Problem statement –
Please quote exactly the opening lines of the data, from the first line to the one where "nat) \<Rightarrow> nat" appears.

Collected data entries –
(* For $m \ge 1$, the number $b(m)$ of odd Grassmannian involutions of $[m]$ equals $\left\lfloor \frac{(m+1)^2}{8}\right\rfloor$.
   Context: A permutation is Grassmannian if it has at most one descent; a Grassmannian involution is a Grassmannian permutation $\pi$ with $\pi^{-1}=\pi$. A permutation is odd if it has an odd number of inversions (pairs $i<j$ with $\pi_i>\pi_j$). *)

theory Defs
  imports Complex_Main "HOL-Combinatorics.Permutations"
begin

definition descents :: "nat \<Rightarrow> (nat \<Rightarrow> nat) \<Rightarrow> nat set" where
  "descents m p = {i. 1 \<le> i \<and> i < m \<and> p i > p (Suc i)}"

definition grassmannian :: "nat \<Rightarrow> (nat \<Rightarrow> nat) \<Rightarrow> bool" where
  "grassmannian m p \<longleftrightarrow> card (descents m p) \<le> 1"

definition inversions :: "nat \<Rightarrow> (nat \<Rightarrow> nat) \<Rightarrow> (nat \<times> nat) set" where
  "inversions m p = {(i, j). 1 \<le> i \<and> i < j \<and> j \<le> m \<and> p i > p j}"

definition odd_perm :: "nat \<Rightarrow> (nat \<Rightarrow> nat) \<Rightarrow> bool" where
  "odd_perm m p \<longleftrightarrow> odd (card (inversions m p))"

definition grassmannian_involution :: "nat \<Rightarrow> (nat \<Rightarrow> nat) \<Rightarrow> bool" where
  "grassmannian_involution m p \<longleftrightarrow>
     p permutes {1..m} \<and> grassmannian m p \<and> inv p = p"

definition b :: "nat \<Rightarrow> nat" where
  "b m = card {p. grassmannian_involution m p \<and> odd_perm m p}"

end

theory Submission
  imports Defs
begin
lemma adv_toggle_ends_round:
  assumes "t < 2 * M" "\<alpha> \<in> {rx_XY, rx_YX, rx_XW}"
  shows "adv_rx n M t = \<alpha> \<or> \<not> applicable (adv_conf n M t) \<alpha> \<or> \<not> applicable (adv_conf n M (Suc t)) \<alpha>"
  using assms by (auto simp: adv_conf_def adv_rx_def conf_X_def conf_Y_def applicable_rx)

lemma RT_exec_adv_ge_toggles:
  assumes n: "3 \<le> n" and \<rho>: "runtime_policy reactions \<rho>" "\<forall>c. card (\<rho> c) \<le> 1"
    and not_LL: "\<rho> (conf_X n) \<noteq> {rx_LL}" "\<rho> (conf_Y n) \<noteq> {rx_LL}"
  shows "(\<Sum>i<2 * M. TC species reactions vol (\<rho> (adv_conf n M i)) (adv_conf n M i))
    \<le> RT_exec species reactions id target vol \<rho> id (adv_conf n M) (adv_rx n M)"
proof -
  have round: "tau (adv_conf n M) (adv_rx n M) t (\<rho> (adv_conf n M t)) = Suc t" if "t < 2 * M" for t
  proof -
    have "\<rho> (adv_conf n M t) \<noteq> {rx_LL}"
      using not_LL that by (simp add: adv_conf_def)
    then obtain \<alpha> where \<alpha>: "\<alpha> \<in> {rx_XY, rx_YX, rx_XW}" and sub: "\<rho> (adv_conf n M t) \<subseteq> {\<alpha>}"
      using \<rho> policy_singleton_not_LL by (metis runtime_policy_def)
    show ?thesis
      using adv_toggle_ends_round[OF that \<alpha>] by (rule tau_eq_Suc[OF sub])
  qed
  have rnd: "rnd \<rho> id (adv_conf n M) (adv_rx n M) i = i" if "i \<le> 2 * M" for i
    using that by (induction i) (simp_all add: round)
  have "(\<Sum>i<2 * M. TC species reactions vol (\<rho> (adv_conf n M i)) (adv_conf n M i))
      = (\<Sum>i<2 * M. TC species reactions vol (\<rho> (adv_conf n M (id (rnd \<rho> id (adv_conf n M) (adv_rx n M) i))))
          (adv_conf n M (id (rnd \<rho> id (adv_conf n M) (adv_rx n M) i))))"
    using rnd by (intro sum.cong) simp_all
  also have "\<dots> \<le> RT_exec species reactions id target vol \<rho> id (adv_conf n M) (adv_rx n M)"
  proof (rule RT_exec_ge_prefix[where j = "2 * M + 1" and \<mu> = id and \<sigma> = id])
    show "stab_step species reactions id target (adv_conf n M) \<le> rnd \<rho> id (adv_conf n M) (adv_rx n M) (2 * M + 1)"
      unfolding stab_step_adv[OF n] by (rule rnd_adv_ge_index[OF \<rho>(1)]) (simp add: skipping_policy_def)
  qed (simp add: stab_step_adv[OF n] rnd)
  finally show ?thesis .
qed

lemma RT_exec_adv_ge_if_waiting_for_LL:
  assumes n: "3 \<le> n" and vol: "0 < vol" and \<rho>: "runtime_policy reactions \<rho>"
    and waits: "\<rho> (conf_X n) = {rx_LL} \<or> \<rho> (conf_Y n) = {rx_LL}"
  obtains \<sigma> where "skipping_policy \<sigma>"
    "ennreal (vol / 2) \<le> RT_exec species reactions id target vol \<rho> \<sigma> (adv_conf n 1) (adv_rx n 1)"
proof -
  \<comment> \<open>the adversary starts the first round in \<open>conf_Y n\<close> (step 1) unless \<open>\<rho>\<close> already waits for
    \<open>rx_LL\<close> in \<open>conf_X n\<close>\<close>
  define \<sigma> :: "nat \<Rightarrow> nat" where "\<sigma> t = (if t = 0 \<and> \<rho> (conf_X n) \<noteq> {rx_LL} then 1 else t)" for t
  have \<sigma>: "skipping_policy \<sigma>"
    by (simp add: skipping_policy_def \<sigma>_def)
  have first: "adv_conf n 1 (\<sigma> 0) \<in> {conf_X n, conf_Y n}" "\<rho> (adv_conf n 1 (\<sigma> 0)) = {rx_LL}"
    using waits by (auto simp: \<sigma>_def adv_conf_def)
  then have "ennreal (vol / 2) \<le> TC species reactions vol {rx_LL} (adv_conf n 1 (\<sigma> 0))"
    using TC_LL_ge[OF vol] by (auto simp: conf_X_def conf_Y_def)
  also have "\<dots> \<le> RT_exec species reactions id target vol \<rho> \<sigma> (adv_conf n 1) (adv_rx n 1)"
    using RT_exec_adv_ge_first_round[OF n \<rho> \<sigma>, of vol 1] first(2) by simp
  finally show ?thesis
    using \<sigma> that by blast
qed

lemma RT_exec_adv_ge_if_not_waiting_for_LL:
  assumes n: "3 \<le> n" and vol: "0 < vol" and \<rho>: "runtime_policy reactions \<rho>" "\<forall>c. card (\<rho> c) \<le> 1"
    and not_LL: "\<rho> (conf_X n) \<noteq> {rx_LL}" "\<rho> (conf_Y n) \<noteq> {rx_LL}"
  obtains M where "ennreal (vol / 2) \<le> RT_exec species reactions id target vol \<rho> id (adv_conf n M) (adv_rx n M)"
proof -
  define m where "m = min (span species reactions vol (conf_X n)) (span species reactions vol (conf_Y n))"
  have "2 \<le> total_prop species reactions vol (conf_X n)" "2 \<le> total_prop species reactions vol (conf_Y n)"
    using total_prop_ge_L[OF vol, of "conf_X n"] total_prop_ge_L[OF vol, of "conf_Y n"]
    by (simp_all add: conf_X_def conf_Y_def)
  then have "0 < m"
    by (simp add: m_def span_def)
  obtain M :: nat where "vol / m < M"
    using reals_Archimedean2 by blast
  then have "ennreal (vol / 2) \<le> ennreal (real (2 * M) * m)"
    using \<open>0 < m\<close> vol by (intro ennreal_leI) (simp add: field_simps)
  also have "\<dots> = (\<Sum>i<2 * M. ennreal m)"
    using \<open>0 < m\<close> by (simp add: ennreal_mult ennreal_of_nat_eq_real_of_nat)
  also have "\<dots> \<le> (\<Sum>i<2 * M. TC species reactions vol (\<rho> (adv_conf n M i)) (adv_conf n M i))"
  proof (rule sum_mono)
    fix i assume "i \<in> {..<2 * M}"
    then have "m \<le> span species reactions vol (adv_conf n M i)"
      by (simp add: adv_conf_def m_def)
    then show "ennreal m \<le> TC species reactions vol (\<rho> (adv_conf n M i)) (adv_conf n M i)"
      using TC_ge_span ennreal_leI order.trans by metis
  qed
  also have "\<dots> \<le> RT_exec species reactions id target vol \<rho> id (adv_conf n M) (adv_rx n M)"
    by (rule RT_exec_adv_ge_toggles[OF n \<rho> not_LL])
  finally show ?thesis
    by (rule that)
qed

lemma SUP_RT_exec_ge:
  assumes n: "3 \<le> n" and vol: "0 < vol" and \<rho>: "runtime_policy reactions \<rho>" "\<forall>c. card (\<rho> c) \<le> 1"
  shows "ennreal (vol / 2) \<le> (SUP x\<in>{(cs, as, \<sigma>). valid_fair_exec species reactions id target cs as \<and>
      size1 species (cs 0) = n \<and> skipping_policy \<sigma>}.
    (case x of (cs, as, \<sigma>) \<Rightarrow> RT_exec species reactions id target vol \<rho> \<sigma> cs as))"
proof -
  obtain M \<sigma> where "skipping_policy \<sigma>"
    "ennreal (vol / 2) \<le> RT_exec species reactions id target vol \<rho> \<sigma> (adv_conf n M) (adv_rx n M)"
  proof (cases "\<rho> (conf_X n) = {rx_LL} \<or> \<rho> (conf_Y n) = {rx_LL}")
    case True
    then show ?thesis
      using RT_exec_adv_ge_if_waiting_for_LL[OF n vol \<rho>(1)] that by metis
  next
    case False
    moreover have "skipping_policy id"
      by (simp add: skipping_policy_def)
    ultimately show ?thesis
      using RT_exec_adv_ge_if_not_waiting_for_LL[OF n vol \<rho>] that by metis
  qed
  then show ?thesis
    using valid_adv[OF n, of M] by (intro SUP_upper2[where i = "(adv_conf n M, adv_rx n M, \<sigma>)"]) auto
qed

lemma RT_stab_single_reaction_ge:
  assumes "3 \<le> n" "0 < \<phi> n"
  shows "ennreal (\<phi> n / 2) \<le> RT_stab species reactions id target \<phi> (\<lambda>\<rho>. \<forall>c. card (\<rho> c) \<le> 1) n"
  unfolding RT_stab_def using assms SUP_RT_exec_ge by (intro INF_greatest) auto

lemma RT_stab_single_reaction_ge_linear:
  assumes pos: "\<forall>n. 0 < \<phi> n" and omega: "\<phi> \<in> \<Omega>(\<lambda>n. real n)"
  obtains k N where "0 < k"
    "\<forall>n\<ge>N. ennreal (k * real n) \<le> RT_stab species reactions id target \<phi> (\<lambda>\<rho>. \<forall>c. card (\<rho> c) \<le> 1) n"
proof -
  from omega obtain c where c: "0 < c" and "eventually (\<lambda>n. c * norm (real n) \<le> norm (\<phi> n)) at_top"
    by (elim landau_omega.bigE)
  then obtain N where N: "\<And>n. N \<le> n \<Longrightarrow> c * real n \<le> \<phi> n"
    using pos by (auto simp: eventually_at_top_linorder abs_of_pos)
  have "ennreal (c / 2 * real n) \<le> RT_stab species reactions id target \<phi> (\<lambda>\<rho>. \<forall>c. card (\<rho> c) \<le> 1) n"
    if "max 3 N \<le> n" for n
  proof -
    have "ennreal (c / 2 * real n) \<le> ennreal (\<phi> n / 2)"
      using N[of n] that by (intro ennreal_leI) simp
    also have "\<dots> \<le> RT_stab species reactions id target \<phi> (\<lambda>\<rho>. \<forall>c. card (\<rho> c) \<le> 1) n"
      using RT_stab_single_reaction_ge pos that by simp
    finally show ?thesis .
  qed
  then show ?thesis
    using c that[of "c / 2" "max 3 N"] by simp
qed

theorem proposition7p2:
  shows "\<exists>S R U \<mu> C. crn_protocol S R U \<mu> C \<and> stably_correct S R \<mu> C \<and>
     (\<forall>\<phi>::nat \<Rightarrow> real. (\<forall>n. 0 < \<phi> n) \<and> \<phi> \<in> \<Theta>(\<lambda>n. real n) \<longrightarrow>
        (\<exists>K::real. \<exists>N. \<forall>n\<ge>N. RT_stab S R \<mu> C \<phi> (\<lambda>_. True) n \<le> ennreal (K * ln (real n))) \<and>
        (\<exists>k::real. 0 < k \<and> (\<exists>N. \<forall>n\<ge>N.
            ennreal (k * real n) \<le> RT_stab S R \<mu> C \<phi> (\<lambda>\<rho>. \<forall>c. card (\<rho> c) \<le> 1) n)))"
proof -
  have "(\<exists>K N. \<forall>n\<ge>N. RT_stab species reactions id target \<phi> (\<lambda>_. True) n \<le> ennreal (K * ln (real n))) \<and>
      (\<exists>k>0. \<exists>N. \<forall>n\<ge>N.
         ennreal (k * real n) \<le> RT_stab species reactions id target \<phi> (\<lambda>\<rho>. \<forall>c. card (\<rho> c) \<le> 1) n)"
    if \<phi>: "(\<forall>n. 0 < \<phi> n) \<and> \<phi> \<in> \<Theta>(\<lambda>n. real n)" for \<phi>
  proof
    show "\<exists>K N. \<forall>n\<ge>N. RT_stab species reactions id target \<phi> (\<lambda>_. True) n \<le> ennreal (K * ln (real n))"
      using RT_stab_le_ln \<phi> by blast
    obtain k N where "0 < k"
      "\<forall>n\<ge>N. ennreal (k * real n) \<le> RT_stab species reactions id target \<phi> (\<lambda>\<rho>. \<forall>c. card (\<rho> c) \<le> 1) n"
      using RT_stab_single_reaction_ge_linear \<phi> by blast
    then show "\<exists>k>0. \<exists>N. \<forall>n\<ge>N.
        ennreal (k * real n) \<le> RT_stab species reactions id target \<phi> (\<lambda>\<rho>. \<forall>c. card (\<rho> c) \<le> 1) n"
      by blast
  qed
  then show ?thesis
    using crn_protocol_reactions stably_correct_reactions by blast
qed

end
(* Let $G$ be a connected $2K_2$-free graph containing an induced diamond with vertex set $L_0=\{v_1,v_2,v_3,v_4\}$ and edge set $\{v_1v_2,v_2v_3,v_3v_4,v_4v_1,v_2v_4\}$. Let $L_1$ be the set of vertices of $V(G)\setminus L_0$ having a neighbor in $L_0$, and $L_2=V(G)\setminus(L_0\cup L_1)$. For $i\in\{1,2,3\}$ let $X_i=\{x\in L_1: N(x)\cap L_0=\{v_i\}\}$, and let $Y_1=\{x\in L_1: N(x)\cap L_0=\{v_1,v_2\}\}$, $Y_2=\{x\in L_1: N(x)\cap L_0=\{v_2,v_3\}\}$, $Z_1=\{x\in L_1: N(x)\cap L_0=\{v_1,v_3\}\}$, $Z_2=\{x\in L_1: N(x)\cap L_0=\{v_1,v_2,v_3\}\}$. Then: (1) $V(G)=N(v_4)\cup\{v_4\}\cup X_1\cup X_2\cup X_3\cup Y_1\cup Y_2\cup Z_1\cup Z_2\cup L_2$; (2) $X_1=\emptyset$ or $X_3=\emptyset$; (3) $X_1\cup X_2\cup Y_1$, $Y_2$, $Z_1$ and $L_2$ are independent sets; (4) there are no edges between $X_1\cup X_2\cup X_3\cup Y_1\cup Y_2\cup Z_1$ and $L_2$.
   Context: All graphs are finite, simple and undirected. $2K_2$ is the disjoint union of two edges; $G$ is $2K_2$-free if it has no induced subgraph isomorphic to $2K_2$. $N(x)$ is the set of neighbors of $x$. A diamond is $K_4$ minus an edge. *)

theory Defs
  imports Main
begin

definition simple_graph :: "'a set \<Rightarrow> ('a \<Rightarrow> 'a \<Rightarrow> bool) \<Rightarrow> bool" where
  "simple_graph V E \<longleftrightarrow> finite V \<and> (\<forall>x y. E x y \<longrightarrow> x \<in> V \<and> y \<in> V)
     \<and> (\<forall>x y. E x y \<longrightarrow> E y x) \<and> (\<forall>x. \<not> E x x)"

definition connected_graph :: "'a set \<Rightarrow> ('a \<Rightarrow> 'a \<Rightarrow> bool) \<Rightarrow> bool" where
  "connected_graph V E \<longleftrightarrow> (\<forall>x\<in>V. \<forall>y\<in>V. E\<^sup>*\<^sup>* x y)"

definition nbhd :: "'a set \<Rightarrow> ('a \<Rightarrow> 'a \<Rightarrow> bool) \<Rightarrow> 'a \<Rightarrow> 'a set" where
  "nbhd V E x = {y \<in> V. E x y}"

definition two_K2_free :: "'a set \<Rightarrow> ('a \<Rightarrow> 'a \<Rightarrow> bool) \<Rightarrow> bool" where
  "two_K2_free V E \<longleftrightarrow> \<not> (\<exists>a\<in>V. \<exists>b\<in>V. \<exists>c\<in>V. \<exists>d\<in>V.
      distinct [a, b, c, d] \<and> E a b \<and> E c d \<and>
      \<not> E a c \<and> \<not> E a d \<and> \<not> E b c \<and> \<not> E b d)"

definition independent_set :: "('a \<Rightarrow> 'a \<Rightarrow> bool) \<Rightarrow> 'a set \<Rightarrow> bool" where
  "independent_set E S \<longleftrightarrow> (\<forall>x\<in>S. \<forall>y\<in>S. \<not> E x y)"

end

theory Submission
  imports Defs
begin

text \<open>Everything follows from one consequence of $2K_2$-freeness: two vertices that are both
  non-adjacent to both ends of an edge are themselves non-adjacent. Each class $X_i$, $Y_i$, $Z_1$
  misses $v_4$ and one of $v_1, v_2, v_3$, hence both ends of an edge $v_i v_4$ of the diamond, while
  $L_2$ misses all of $L_0$. For $X_1$ and $X_3$, a vertex $a \in X_1$ and $b \in X_3$ are
  non-adjacent (both miss $v_2 v_4$), and then the edges $a v_1$ and $b v_3$ form a $2K_2$.\<close>

lemma simple_graph_sym: "simple_graph V E \<Longrightarrow> E x y \<Longrightarrow> E y x"
  unfolding simple_graph_def by blast

lemma two_K2_free_miss_edge:
  assumes graph: "simple_graph V E" and free: "two_K2_free V E" and "E c d"
    and "\<not> E x c" "\<not> E x d" "\<not> E y c" "\<not> E y d"
  shows "\<not> E x y"
proof
  assume "E x y"
  have "distinct [x, y, c, d]"
    using assms \<open>E x y\<close> unfolding simple_graph_def by auto
  moreover have "x \<in> V" "y \<in> V" "c \<in> V" "d \<in> V"
    using graph \<open>E x y\<close> \<open>E c d\<close> unfolding simple_graph_def by blast+
  ultimately show False
    using free assms \<open>E x y\<close> unfolding two_K2_free_def by blast
qed

lemma independent_set_if_miss_edge:
  assumes "simple_graph V E" "two_K2_free V E" "E c d"
    and "\<And>x. x \<in> S \<Longrightarrow> \<not> E x c \<and> \<not> E x d"
  shows "independent_set E S"
  using two_K2_free_miss_edge[OF assms(1-3)] assms(4) unfolding independent_set_def by blast

lemma Pow_three: "Pow {a, b, c} = {{}, {a}, {b}, {c}, {a, b}, {b, c}, {a, c}, {a, b, c}}"
  by (auto simp: Pow_insert)

locale diamond_in_two_K2_free_graph =
  fixes V :: "'a set" and E :: "'a \<Rightarrow> 'a \<Rightarrow> bool" and v1 v2 v3 v4 :: 'a
  assumes graph: "simple_graph V E"
    and free: "two_K2_free V E"
    and verts: "v1 \<in> V" "v2 \<in> V" "v3 \<in> V" "v4 \<in> V" "distinct [v1, v2, v3, v4]"
    and diamond: "E v1 v2" "E v2 v3" "E v3 v4" "E v4 v1" "E v2 v4" "\<not> E v1 v3"
begin

abbreviation "L0 \<equiv> {v1, v2, v3, v4}"

definition L1 :: "'a set" where
  "L1 = {x \<in> V - L0. \<exists>v\<in>L0. E x v}"

definition L2 :: "'a set" where
  "L2 = V - (L0 \<union> L1)"

definition attached :: "'a set \<Rightarrow> 'a set" where
  "attached S = {x \<in> L1. nbhd V E x \<inter> L0 = S}"

lemma vertices_distinct [simp]:
  "v1 \<noteq> v2" "v1 \<noteq> v3" "v1 \<noteq> v4" "v2 \<noteq> v3" "v2 \<noteq> v4" "v3 \<noteq> v4"
  "v2 \<noteq> v1" "v3 \<noteq> v1" "v4 \<noteq> v1" "v3 \<noteq> v2" "v4 \<noteq> v2" "v4 \<noteq> v3"
  using verts(5) by auto

lemma edge_sym: "E x y \<Longrightarrow> E y x"
  using simple_graph_sym[OF graph] .

lemma miss_edge: "E c d \<Longrightarrow> \<not> E x c \<Longrightarrow> \<not> E x d \<Longrightarrow> \<not> E y c \<Longrightarrow> \<not> E y d \<Longrightarrow> \<not> E x y"
  using two_K2_free_miss_edge[OF graph free] .

lemma mem_attached_iff:
  assumes "S \<subseteq> L0"
  shows "x \<in> attached S \<longleftrightarrow> x \<in> V - L0 \<and> S \<noteq> {} \<and> (\<forall>v\<in>L0. E x v \<longleftrightarrow> v \<in> S)"
  using assms verts unfolding attached_def L1_def nbhd_def by blast

lemma mem_L2_iff: "x \<in> L2 \<longleftrightarrow> x \<in> V - L0 \<and> (\<forall>v\<in>L0. \<not> E x v)"
  unfolding L2_def L1_def by blast

lemma vertex_cover:
  "V = nbhd V E v4 \<union> {v4} \<union> attached {v1} \<union> attached {v2} \<union> attached {v3}
     \<union> attached {v1, v2} \<union> attached {v2, v3} \<union> attached {v1, v3} \<union> attached {v1, v2, v3} \<union> L2"
  (is "V = ?cover")
proof
  show "?cover \<subseteq> V"
    using verts(4) unfolding nbhd_def attached_def L1_def L2_def by blast
  show "V \<subseteq> ?cover"
  proof
    fix x assume "x \<in> V"
    show "x \<in> ?cover"
    proof (cases "x = v4 \<or> E v4 x")
      case True
      then show ?thesis using \<open>x \<in> V\<close> unfolding nbhd_def by blast
    next
      case False
      then have "x \<notin> L0" "\<not> E x v4"
        using diamond edge_sym by blast+
      define T where "T = {v \<in> {v1, v2, v3}. E x v}"
      have "T \<subseteq> L0"
        unfolding T_def by blast
      have attached: "T \<noteq> {} \<Longrightarrow> x \<in> attached T"
        using \<open>x \<in> V\<close> \<open>x \<notin> L0\<close> \<open>\<not> E x v4\<close>
        unfolding mem_attached_iff[OF \<open>T \<subseteq> L0\<close>] by (auto simp: T_def)
      have far: "T = {} \<Longrightarrow> x \<in> L2"
        using \<open>x \<in> V\<close> \<open>x \<notin> L0\<close> \<open>\<not> E x v4\<close> by (auto simp: mem_L2_iff T_def)
      have "T \<in> Pow {v1, v2, v3}"
        unfolding T_def by blast
      then show ?thesis
        unfolding Pow_three insert_iff empty_iff
        by (elim disjE) (use attached far in blast)+
    qed
  qed
qed

lemma attached_v1_or_v3_empty: "attached {v1} = {} \<or> attached {v3} = {}"
proof (rule ccontr)
  assume "\<not> ?thesis"
  then obtain a b where a: "a \<in> attached {v1}" and b: "b \<in> attached {v3}"
    by blast
  have "E a v1" "\<not> E a v2" "\<not> E a v3" "\<not> E a v4" "\<not> E b v1" "\<not> E b v2" "E b v3" "\<not> E b v4"
    using a b by (simp_all add: mem_attached_iff)
  then have "\<not> E a b"
    using miss_edge diamond(5) by blast
  then have "\<not> E a v1"
    using miss_edge[of b v3 a v1] \<open>E b v3\<close> \<open>\<not> E a v3\<close> \<open>\<not> E b v1\<close> diamond(6) edge_sym by blast
  with \<open>E a v1\<close> show False by contradiction
qed

lemma independent_classes:
  "independent_set E (attached {v1} \<union> attached {v2} \<union> attached {v1, v2})"
  "independent_set E (attached {v2, v3})"
  "independent_set E (attached {v1, v3})"
  "independent_set E L2"
proof -
  show "independent_set E (attached {v1} \<union> attached {v2} \<union> attached {v1, v2})"
    by (rule independent_set_if_miss_edge[OF graph free diamond(3)]) (auto simp: mem_attached_iff)
  show "independent_set E (attached {v2, v3})"
    by (rule independent_set_if_miss_edge[OF graph free diamond(4)]) (auto simp: mem_attached_iff)
  show "independent_set E (attached {v1, v3})"
    by (rule independent_set_if_miss_edge[OF graph free diamond(5)]) (auto simp: mem_attached_iff)
  show "independent_set E L2"
    by (rule independent_set_if_miss_edge[OF graph free diamond(1)]) (simp add: mem_L2_iff)
qed

lemma no_edge_attached_L2:
  assumes "S \<subseteq> {v1, v2, v3}" "\<not> {v1, v2, v3} \<subseteq> S" "x \<in> attached S" "y \<in> L2"
  shows "\<not> E x y"
proof -
  obtain v where v: "v \<in> {v1, v2, v3}" "v \<notin> S"
    using assms(1,2) by blast
  have x: "\<forall>w\<in>L0. E x w \<longleftrightarrow> w \<in> S"
    using assms(1,3) mem_attached_iff[of S x] by auto
  have "E v v4"
    using v diamond edge_sym by blast
  moreover have "\<not> E x v" "\<not> E x v4"
    using x assms(1) v by auto
  moreover have "\<not> E y v" "\<not> E y v4"
    using assms(4) v by (auto simp: mem_L2_iff)
  ultimately show ?thesis
    using miss_edge by blast
qed

lemma classes_anticomplete_L2:
  "\<forall>x \<in> attached {v1} \<union> attached {v2} \<union> attached {v3} \<union> attached {v1, v2} \<union> attached {v2, v3}
      \<union> attached {v1, v3}. \<forall>y \<in> L2. \<not> E x y"
  using no_edge_attached_L2[of "{v1}"] no_edge_attached_L2[of "{v2}"] no_edge_attached_L2[of "{v3}"]
    no_edge_attached_L2[of "{v1, v2}"] no_edge_attached_L2[of "{v2, v3}"]
    no_edge_attached_L2[of "{v1, v3}"]
  by auto

end

theorem lemma3p6:
  fixes V :: "'a set" and E :: "'a \<Rightarrow> 'a \<Rightarrow> bool" and v1 v2 v3 v4 :: 'a
  assumes graph: "simple_graph V E"
    and conn: "connected_graph V E"
    and free: "two_K2_free V E"
    and verts: "v1 \<in> V" "v2 \<in> V" "v3 \<in> V" "v4 \<in> V" "distinct [v1, v2, v3, v4]"
    and diamond: "E v1 v2" "E v2 v3" "E v3 v4" "E v4 v1" "E v2 v4" "\<not> E v1 v3"
  defines "L0 \<equiv> {v1, v2, v3, v4}"
  defines "L1 \<equiv> {x \<in> V - L0. \<exists>v\<in>L0. E x v}"
  defines "L2 \<equiv> V - (L0 \<union> L1)"
  defines "X1 \<equiv> {x \<in> L1. nbhd V E x \<inter> L0 = {v1}}"
  defines "X2 \<equiv> {x \<in> L1. nbhd V E x \<inter> L0 = {v2}}"
  defines "X3 \<equiv> {x \<in> L1. nbhd V E x \<inter> L0 = {v3}}"
  defines "Y1 \<equiv> {x \<in> L1. nbhd V E x \<inter> L0 = {v1, v2}}"
  defines "Y2 \<equiv> {x \<in> L1. nbhd V E x \<inter> L0 = {v2, v3}}"
  defines "Z1 \<equiv> {x \<in> L1. nbhd V E x \<inter> L0 = {v1, v3}}"
  defines "Z2 \<equiv> {x \<in> L1. nbhd V E x \<inter> L0 = {v1, v2, v3}}"
  shows "(V = nbhd V E v4 \<union> {v4} \<union> X1 \<union> X2 \<union> X3 \<union> Y1 \<union> Y2 \<union> Z1 \<union> Z2 \<union> L2)
    \<and> (X1 = {} \<or> X3 = {})
    \<and> (independent_set E (X1 \<union> X2 \<union> Y1) \<and> independent_set E Y2
       \<and> independent_set E Z1 \<and> independent_set E L2)
    \<and> (\<forall>x\<in>X1 \<union> X2 \<union> X3 \<union> Y1 \<union> Y2 \<union> Z1. \<forall>y\<in>L2. \<not> E x y)"
proof -
  interpret D: diamond_in_two_K2_free_graph V E v1 v2 v3 v4
    using graph free verts diamond by unfold_locales
  have classes:
    "X1 = D.attached {v1}" "X2 = D.attached {v2}" "X3 = D.attached {v3}"
    "Y1 = D.attached {v1, v2}" "Y2 = D.attached {v2, v3}"
    "Z1 = D.attached {v1, v3}" "Z2 = D.attached {v1, v2, v3}" "L2 = D.L2"
    unfolding X1_def X2_def X3_def Y1_def Y2_def Z1_def Z2_def L2_def L1_def L0_def
      D.attached_def D.L2_def D.L1_def
    by (rule refl)+
  show ?thesis
    unfolding classes
    using D.vertex_cover D.attached_v1_or_v3_empty D.independent_classes D.classes_anticomplete_L2
    by (intro conjI)
qed

end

Result of the task –
(* For $m \ge 1$, the number $b(m)$ of odd Grassmannian involutions of $[m]$ equals $\left\lfloor \frac{(m+1)^2}{8}\right\rfloor$.
   Context: A permutation is Grassmannian if it has at most one descent; a Grassmannian involution is a Grassmannian permutation $\pi$ with $\pi^{-1}=\pi$. A permutation is odd if it has an odd number of inversions (pairs $i<j$ with $\pi_i>\pi_j$). *)

theory Defs
  imports Complex_Main "HOL-Combinatorics.Permutations"
begin

definition descents :: "nat \<Rightarrow> (nat \<Rightarrow> nat) \<Rightarrow> nat set" where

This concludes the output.